MCP tools available to the agent:

feature_get_stats - Progress statistics
feature_get_by_id - Get a single feature by ID
feature_get_summary - Get summary of all features
feature_get_ready - Get features ready to work on (dependencies met)
feature_get_blocked - Get features blocked by unmet dependencies
feature_get_graph - Get full dependency graph
feature_claim_and_get - Atomically claim next available feature (for parallel mode)
feature_mark_in_progress - Mark feature as in progress
feature_mark_passing - Mark feature complete
feature_mark_failing - Mark feature as failing
feature_skip - Move feature to end of queue
feature_clear_in_progress - Clear in-progress status
feature_create_bulk - Initialize all features (used by initializer)
feature_create - Create a single feature
feature_add_dependency - Add dependency between features (with cycle detection)
feature_remove_dependency - Remove a dependency
feature_set_dependencies - Set all dependencies for a feature at once

React UI (ui/)

Tech stack: React 19, TypeScript, Vite 7, TanStack Query, Tailwind CSS v4, Radix UI, dagre (graph layout), xterm.js (terminal)
src/App.tsx - Main app with project selection, kanban board, agent controls
src/hooks/useWebSocket.ts - Real-time updates via WebSocket (progress, agent status, logs, agent updates)
src/hooks/useProjects.ts - React Query hooks for API calls
src/lib/api.ts - REST API client
src/lib/types.ts - TypeScript type definitions

Key components:

AgentMissionControl.tsx - Dashboard showing active agents with mascots (Spark, Fizz, Octo, Hoot, Buzz)
DependencyGraph.tsx - Interactive node graph visualization with dagre layout
CelebrationOverlay.tsx - Confetti animation on feature completion
FolderBrowser.tsx - Server-side filesystem browser for project folder selection
Terminal.tsx / TerminalTabs.tsx - xterm.js-based multi-tab terminal
AssistantPanel.tsx / AssistantChat.tsx - AI assistant for project Q&A
ExpandProjectModal.tsx / ExpandProjectChat.tsx - Add features via natural language
DevServerControl.tsx - Dev server start/stop control
ScheduleModal.tsx - Schedule management UI
SettingsModal.tsx - Global settings panel

Keyboard shortcuts (press ? for help):

D - Toggle debug panel
G - Toggle Kanban/Graph view
N - Add new feature
A - Toggle AI assistant
, - Open settings

Project Structure for Generated Apps

Projects can be stored in any directory (registered in ~/.autocoder/registry.db). Each project contains:

.autocoder/prompts/app_spec.txt - Application specification (XML format)
.autocoder/prompts/initializer_prompt.md - First session prompt
.autocoder/prompts/coding_prompt.md - Continuation session prompt
.autocoder/features.db - SQLite database with feature test cases
.autocoder/.agent.lock - Lock file to prevent multiple agent instances
.autocoder/allowed_commands.yaml - Project-specific bash command allowlist (optional)
.autocoder/.gitignore - Ignores runtime files
CLAUDE.md - Stays at project root (SDK convention)
app_spec.txt - Root copy for agent template compatibility

Legacy projects with files at root level (e.g., features.db, prompts/) are auto-migrated to .autocoder/ on next agent start. Dual-path resolution ensures old and new layouts work transparently.

Security Model

Defense-in-depth approach configured in client.py:

OS-level sandbox for bash commands
Filesystem restricted to project directory only
Bash commands validated using hierarchical allowlist system

Extra Read Paths (Cross-Project File Access)

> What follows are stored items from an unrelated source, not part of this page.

subsection \<open>The representation on column vectors of length p + q\<close>

text \<open>Vectors are functions \<open>nat \<Rightarrow> 'a\<close> indexed by \<open>{1..p+q}\<close>; the generator \<open>G i j\<close> acts
  as the symmetric matrix \<open>E(i, p+j) + E(p+j, i)\<close>.\<close>

definition rep_gen :: "nat \<Rightarrow> nat \<times> nat \<Rightarrow> (nat \<Rightarrow> 'a::field) \<Rightarrow> nat \<Rightarrow> 'a" where
  "rep_gen p x v =
    (\<lambda>c. if c = fst x then v (p + snd x) else if c = p + snd x then v (fst x) else 0)"

fun rep_word :: "nat \<Rightarrow> (nat \<times> nat) list \<Rightarrow> (nat \<Rightarrow> 'a::field) \<Rightarrow> nat \<Rightarrow> 'a" where
  "rep_word p [] v = v"
| "rep_word p (x # w) v = rep_gen p x (rep_word p w v)"

definition rep :: "nat \<Rightarrow> ((nat \<times> nat) list \<Rightarrow> 'a::field) \<Rightarrow> (nat \<Rightarrow> 'a) \<Rightarrow> nat \<Rightarrow> 'a" where
  "rep p f v = (\<lambda>c. \<Sum>w\<in>{w. f w \<noteq> 0}. f w * rep_word p w v c)"

definition basis_vec :: "nat \<Rightarrow> nat \<Rightarrow> 'a::field" where
  "basis_vec b = (\<lambda>c. if c = b then 1 else 0)"

lemma rep_word_add:
  "rep_word p w (\<lambda>c. V c + U c) = (\<lambda>c. rep_word p w V c + rep_word p w U c)"
  by (induction w) (auto simp: rep_gen_def)

lemma rep_word_scale: "rep_word p w (\<lambda>c. a * V c) = (\<lambda>c. a * rep_word p w V c)"
  by (induction w) (auto simp: rep_gen_def)

lemma rep_word_zero: "rep_word p w (\<lambda>c. 0) = (\<lambda>c. 0)"
  by (induction w) (auto simp: rep_gen_def)

lemma rep_word_sum:
  "finite K \<Longrightarrow> rep_word p w (\<lambda>c. \<Sum>k\<in>K. a k * V k c)
      = (\<lambda>c. \<Sum>k\<in>K. a k * rep_word p w (V k) c)"
  by (induction K rule: finite_induct) (simp_all add: rep_word_zero rep_word_add rep_word_scale)

lemma rep_word_append: "rep_word p (u @ w) v = rep_word p u (rep_word p w v)"
  by (induction u) auto

lemma rep_eq_sum_superset:
  assumes "finite S" "{w. f w \<noteq> 0} \<subseteq> S"
  shows "rep p f v c = (\<Sum>w\<in>S. f w * rep_word p w v c)"
  unfolding rep_def using assms by (intro sum.mono_neutral_left) auto

lemma rep_fadd:
  assumes "finite {w. f w \<noteq> 0}" "finite {w. g w \<noteq> 0}"
  shows "rep p (fadd f g) v c = rep p f v c + rep p g v c"
proof -
  let ?S = "{w. f w \<noteq> 0} \<union> {w. g w \<noteq> 0}"
  have "rep p (fadd f g) v c = (\<Sum>w\<in>?S. fadd f g w * rep_word p w v c)"
    by (rule rep_eq_sum_superset) (use assms in \<open>auto simp: fadd_def\<close>)
  also have "\<dots> = (\<Sum>w\<in>?S. f w * rep_word p w v c) + (\<Sum>w\<in>?S. g w * rep_word p w v c)"
    by (simp add: fadd_def distrib_right sum.distrib)
  also have "\<dots> = rep p f v c + rep p g v c"
    using assms by (simp add: rep_eq_sum_superset[of ?S])
  finally show ?thesis .
qed

lemma rep_fsmult:
  assumes "finite {w. f w \<noteq> 0}"
  shows "rep p (fsmult k f) v c = k * rep p f v c"
proof -
  have "rep p (fsmult k f) v c = (\<Sum>w\<in>{w. f w \<noteq> 0}. fsmult k f w * rep_word p w v c)"
    by (rule rep_eq_sum_superset) (use assms in \<open>auto simp: fsmult_def\<close>)
  then show ?thesis by (simp add: rep_def fsmult_def sum_distrib_left mult.assoc)
qed

lemma rep_fsub:
  assumes "finite {w. f w \<noteq> 0}" "finite {w. g w \<noteq> 0}"
  shows "rep p (fsub f g) v c = rep p f v c - rep p g v c"
proof -
  have "finite {w. fsmult (-1) g w \<noteq> 0}"
    using assms(2) by (rule rev_finite_subset) (auto simp: fsmult_def)
  then show ?thesis using assms by (simp add: fsub_eq_fadd_fsmult rep_fadd rep_fsmult)
qed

The agent can optionally read files from directories outside the project folder via the EXTRA_READ_PATHS environment variable. This enables referencing documentation, shared libraries, or other projects.

Configuration:

# Single path
EXTRA_READ_PATHS=/Users/me/docs

# Multiple paths (comma-separated)
EXTRA_READ_PATHS=/Users/me/docs,/opt/shared-libs,/Volumes/Data/reference

Security Controls:

All paths are validated before being granted read access:

Must be absolute paths (not relative)
Must exist and be directories
Paths are canonicalized via Path.resolve() to prevent .. traversal attacks
Sensitive directories are blocked (see blocklist below)
Only Read, Glob, and Grep operations are allowed (no Write/Edit)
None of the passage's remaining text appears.